### Work order
Your answer must hold only the lines below from the line containing "assms(1,4) finite_subset unfolding simple_graph_def by blast" through the line containing "using local_improvements_subset[OF assms(5)", each reproduced exactly.

(Records drawn from a dataset)
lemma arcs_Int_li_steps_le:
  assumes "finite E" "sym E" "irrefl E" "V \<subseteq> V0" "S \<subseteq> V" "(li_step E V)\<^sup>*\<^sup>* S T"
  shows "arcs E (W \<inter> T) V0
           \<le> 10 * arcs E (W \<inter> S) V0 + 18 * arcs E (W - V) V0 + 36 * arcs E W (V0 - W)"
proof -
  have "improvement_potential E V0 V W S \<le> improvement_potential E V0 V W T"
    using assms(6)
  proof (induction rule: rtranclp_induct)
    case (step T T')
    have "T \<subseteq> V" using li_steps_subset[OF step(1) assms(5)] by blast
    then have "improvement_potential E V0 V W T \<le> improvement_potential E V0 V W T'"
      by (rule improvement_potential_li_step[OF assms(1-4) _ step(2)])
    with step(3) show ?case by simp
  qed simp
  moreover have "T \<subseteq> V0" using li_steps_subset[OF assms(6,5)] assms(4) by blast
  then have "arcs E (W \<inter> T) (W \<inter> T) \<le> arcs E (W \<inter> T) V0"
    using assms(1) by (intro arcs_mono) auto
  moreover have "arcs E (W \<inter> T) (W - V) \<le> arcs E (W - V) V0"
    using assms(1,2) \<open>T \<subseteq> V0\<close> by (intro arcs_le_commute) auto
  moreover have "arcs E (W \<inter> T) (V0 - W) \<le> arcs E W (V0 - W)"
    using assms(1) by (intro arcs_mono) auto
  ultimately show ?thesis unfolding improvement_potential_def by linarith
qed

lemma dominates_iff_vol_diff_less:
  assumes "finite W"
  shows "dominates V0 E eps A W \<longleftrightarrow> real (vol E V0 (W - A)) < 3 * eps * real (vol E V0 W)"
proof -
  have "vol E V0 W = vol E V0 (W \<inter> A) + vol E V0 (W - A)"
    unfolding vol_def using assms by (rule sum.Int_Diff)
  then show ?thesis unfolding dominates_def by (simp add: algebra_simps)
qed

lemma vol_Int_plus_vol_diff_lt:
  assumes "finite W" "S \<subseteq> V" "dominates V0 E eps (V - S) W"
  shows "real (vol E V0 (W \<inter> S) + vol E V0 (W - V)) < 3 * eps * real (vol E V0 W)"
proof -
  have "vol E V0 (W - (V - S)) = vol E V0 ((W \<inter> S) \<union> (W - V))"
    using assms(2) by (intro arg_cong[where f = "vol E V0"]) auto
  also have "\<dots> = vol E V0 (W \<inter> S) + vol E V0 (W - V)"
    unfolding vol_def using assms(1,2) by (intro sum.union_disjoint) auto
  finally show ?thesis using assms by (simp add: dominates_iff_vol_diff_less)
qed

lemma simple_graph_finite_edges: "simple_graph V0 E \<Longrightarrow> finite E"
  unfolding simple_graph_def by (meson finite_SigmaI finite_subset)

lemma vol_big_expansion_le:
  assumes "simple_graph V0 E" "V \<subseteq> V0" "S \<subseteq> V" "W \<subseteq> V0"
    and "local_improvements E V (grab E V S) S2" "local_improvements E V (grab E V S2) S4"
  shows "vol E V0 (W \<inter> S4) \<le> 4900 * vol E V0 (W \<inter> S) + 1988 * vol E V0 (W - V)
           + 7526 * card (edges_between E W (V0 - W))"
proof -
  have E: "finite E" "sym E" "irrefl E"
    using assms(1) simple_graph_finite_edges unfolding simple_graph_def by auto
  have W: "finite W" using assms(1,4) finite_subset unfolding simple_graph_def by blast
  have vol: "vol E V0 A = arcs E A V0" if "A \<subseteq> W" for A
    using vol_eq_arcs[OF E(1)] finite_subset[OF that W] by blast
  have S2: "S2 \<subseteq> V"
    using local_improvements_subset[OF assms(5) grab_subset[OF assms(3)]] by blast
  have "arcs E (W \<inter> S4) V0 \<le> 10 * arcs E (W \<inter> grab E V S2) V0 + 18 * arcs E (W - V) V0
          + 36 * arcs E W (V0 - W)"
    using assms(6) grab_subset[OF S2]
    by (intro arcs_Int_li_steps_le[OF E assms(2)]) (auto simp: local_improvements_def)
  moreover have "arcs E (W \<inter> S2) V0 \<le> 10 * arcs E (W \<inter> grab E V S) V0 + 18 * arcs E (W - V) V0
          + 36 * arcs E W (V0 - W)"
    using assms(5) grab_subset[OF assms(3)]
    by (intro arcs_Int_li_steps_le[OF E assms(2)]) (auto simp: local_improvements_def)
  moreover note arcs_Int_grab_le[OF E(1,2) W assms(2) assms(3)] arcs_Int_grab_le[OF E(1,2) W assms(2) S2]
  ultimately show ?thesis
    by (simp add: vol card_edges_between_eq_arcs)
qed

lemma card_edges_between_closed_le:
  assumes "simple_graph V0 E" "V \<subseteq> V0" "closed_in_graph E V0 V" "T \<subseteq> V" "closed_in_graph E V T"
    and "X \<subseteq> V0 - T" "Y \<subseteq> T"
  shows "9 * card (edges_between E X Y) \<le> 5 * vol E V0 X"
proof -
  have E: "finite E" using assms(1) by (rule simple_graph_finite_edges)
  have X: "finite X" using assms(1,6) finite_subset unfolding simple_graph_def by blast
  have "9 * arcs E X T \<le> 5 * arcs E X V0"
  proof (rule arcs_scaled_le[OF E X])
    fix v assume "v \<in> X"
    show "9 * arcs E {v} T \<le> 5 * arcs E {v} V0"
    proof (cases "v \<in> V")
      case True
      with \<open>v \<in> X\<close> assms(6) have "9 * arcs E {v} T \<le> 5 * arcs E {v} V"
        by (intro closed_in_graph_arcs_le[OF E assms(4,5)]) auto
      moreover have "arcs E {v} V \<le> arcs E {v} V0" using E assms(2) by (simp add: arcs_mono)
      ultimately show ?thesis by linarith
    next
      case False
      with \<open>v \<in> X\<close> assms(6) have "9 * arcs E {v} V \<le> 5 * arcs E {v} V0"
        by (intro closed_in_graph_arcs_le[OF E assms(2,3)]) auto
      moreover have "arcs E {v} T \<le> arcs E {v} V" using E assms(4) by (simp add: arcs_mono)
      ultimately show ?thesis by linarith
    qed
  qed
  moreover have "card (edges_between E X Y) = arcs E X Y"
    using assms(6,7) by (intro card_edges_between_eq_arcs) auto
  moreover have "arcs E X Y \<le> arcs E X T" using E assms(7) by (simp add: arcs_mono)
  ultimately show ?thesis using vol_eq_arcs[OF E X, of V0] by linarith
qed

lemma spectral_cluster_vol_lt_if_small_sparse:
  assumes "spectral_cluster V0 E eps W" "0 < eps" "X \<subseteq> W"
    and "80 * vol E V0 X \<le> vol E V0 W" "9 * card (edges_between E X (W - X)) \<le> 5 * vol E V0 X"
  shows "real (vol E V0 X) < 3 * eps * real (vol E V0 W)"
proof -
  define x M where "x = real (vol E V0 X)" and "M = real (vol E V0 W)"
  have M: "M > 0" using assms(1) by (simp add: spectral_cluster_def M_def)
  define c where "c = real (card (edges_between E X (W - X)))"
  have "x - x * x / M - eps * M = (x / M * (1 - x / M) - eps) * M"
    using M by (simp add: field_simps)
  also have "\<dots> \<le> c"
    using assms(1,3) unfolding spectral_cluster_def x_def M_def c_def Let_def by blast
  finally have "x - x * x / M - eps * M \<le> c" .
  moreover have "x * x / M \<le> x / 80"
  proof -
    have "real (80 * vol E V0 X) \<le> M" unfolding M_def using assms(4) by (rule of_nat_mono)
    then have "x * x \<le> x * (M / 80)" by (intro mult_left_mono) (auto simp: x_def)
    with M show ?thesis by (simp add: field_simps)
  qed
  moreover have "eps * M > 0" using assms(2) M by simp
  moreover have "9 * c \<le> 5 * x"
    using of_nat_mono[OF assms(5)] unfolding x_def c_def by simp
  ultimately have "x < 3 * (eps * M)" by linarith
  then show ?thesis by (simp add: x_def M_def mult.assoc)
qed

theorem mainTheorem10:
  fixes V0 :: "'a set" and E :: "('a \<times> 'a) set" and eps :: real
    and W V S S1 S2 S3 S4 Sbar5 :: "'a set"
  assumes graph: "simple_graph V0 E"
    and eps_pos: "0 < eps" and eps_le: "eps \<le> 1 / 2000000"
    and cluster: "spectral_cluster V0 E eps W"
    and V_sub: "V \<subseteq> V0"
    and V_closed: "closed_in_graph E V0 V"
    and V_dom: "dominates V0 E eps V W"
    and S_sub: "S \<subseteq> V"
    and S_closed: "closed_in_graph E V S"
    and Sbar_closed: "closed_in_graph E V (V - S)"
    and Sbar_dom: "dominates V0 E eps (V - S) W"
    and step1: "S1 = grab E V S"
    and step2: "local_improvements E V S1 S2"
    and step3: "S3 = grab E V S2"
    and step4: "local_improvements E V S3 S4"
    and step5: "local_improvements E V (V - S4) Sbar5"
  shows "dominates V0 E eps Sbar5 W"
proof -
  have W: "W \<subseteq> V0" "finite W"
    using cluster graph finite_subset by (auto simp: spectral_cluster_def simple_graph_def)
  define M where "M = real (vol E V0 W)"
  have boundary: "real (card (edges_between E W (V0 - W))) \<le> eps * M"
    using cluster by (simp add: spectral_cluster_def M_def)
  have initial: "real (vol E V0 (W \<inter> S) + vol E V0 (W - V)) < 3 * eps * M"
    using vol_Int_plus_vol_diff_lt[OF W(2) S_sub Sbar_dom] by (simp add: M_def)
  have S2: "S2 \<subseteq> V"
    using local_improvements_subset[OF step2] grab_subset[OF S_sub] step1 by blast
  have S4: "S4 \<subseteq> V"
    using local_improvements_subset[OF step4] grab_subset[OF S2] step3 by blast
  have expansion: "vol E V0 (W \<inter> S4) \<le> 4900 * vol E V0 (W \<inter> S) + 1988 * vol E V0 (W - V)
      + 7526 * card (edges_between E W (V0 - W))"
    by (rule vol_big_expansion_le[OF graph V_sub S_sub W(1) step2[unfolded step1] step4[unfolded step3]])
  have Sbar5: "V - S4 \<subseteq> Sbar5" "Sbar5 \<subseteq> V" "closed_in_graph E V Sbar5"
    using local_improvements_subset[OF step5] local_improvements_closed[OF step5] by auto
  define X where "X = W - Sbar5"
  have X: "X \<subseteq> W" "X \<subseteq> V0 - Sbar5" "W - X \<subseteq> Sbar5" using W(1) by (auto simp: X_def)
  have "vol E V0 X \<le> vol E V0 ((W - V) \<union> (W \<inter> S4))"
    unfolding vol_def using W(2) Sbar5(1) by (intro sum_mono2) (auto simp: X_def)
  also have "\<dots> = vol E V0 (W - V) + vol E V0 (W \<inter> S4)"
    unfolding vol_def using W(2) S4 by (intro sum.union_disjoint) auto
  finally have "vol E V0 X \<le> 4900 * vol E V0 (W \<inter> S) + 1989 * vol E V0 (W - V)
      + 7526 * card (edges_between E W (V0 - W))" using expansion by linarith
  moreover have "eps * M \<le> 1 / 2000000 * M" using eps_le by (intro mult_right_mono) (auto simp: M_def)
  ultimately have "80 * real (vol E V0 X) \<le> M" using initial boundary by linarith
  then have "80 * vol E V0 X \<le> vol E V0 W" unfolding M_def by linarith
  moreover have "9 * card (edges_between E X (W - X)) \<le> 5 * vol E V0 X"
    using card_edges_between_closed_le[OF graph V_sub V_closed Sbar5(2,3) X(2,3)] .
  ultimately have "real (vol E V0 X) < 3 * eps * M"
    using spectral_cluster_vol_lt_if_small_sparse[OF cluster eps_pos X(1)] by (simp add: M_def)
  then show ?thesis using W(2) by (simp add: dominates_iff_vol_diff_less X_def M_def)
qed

### Reply
  have W: "finite W" using assms(1,4) finite_subset unfolding simple_graph_def by blast
  have vol: "vol E V0 A = arcs E A V0" if "A \<subseteq> W" for A
    using vol_eq_arcs[OF E(1)] finite_subset[OF that W] by blast
  have S2: "S2 \<subseteq> V"
    using local_improvements_subset[OF assms(5) grab_subset[OF assms(3)]] by blast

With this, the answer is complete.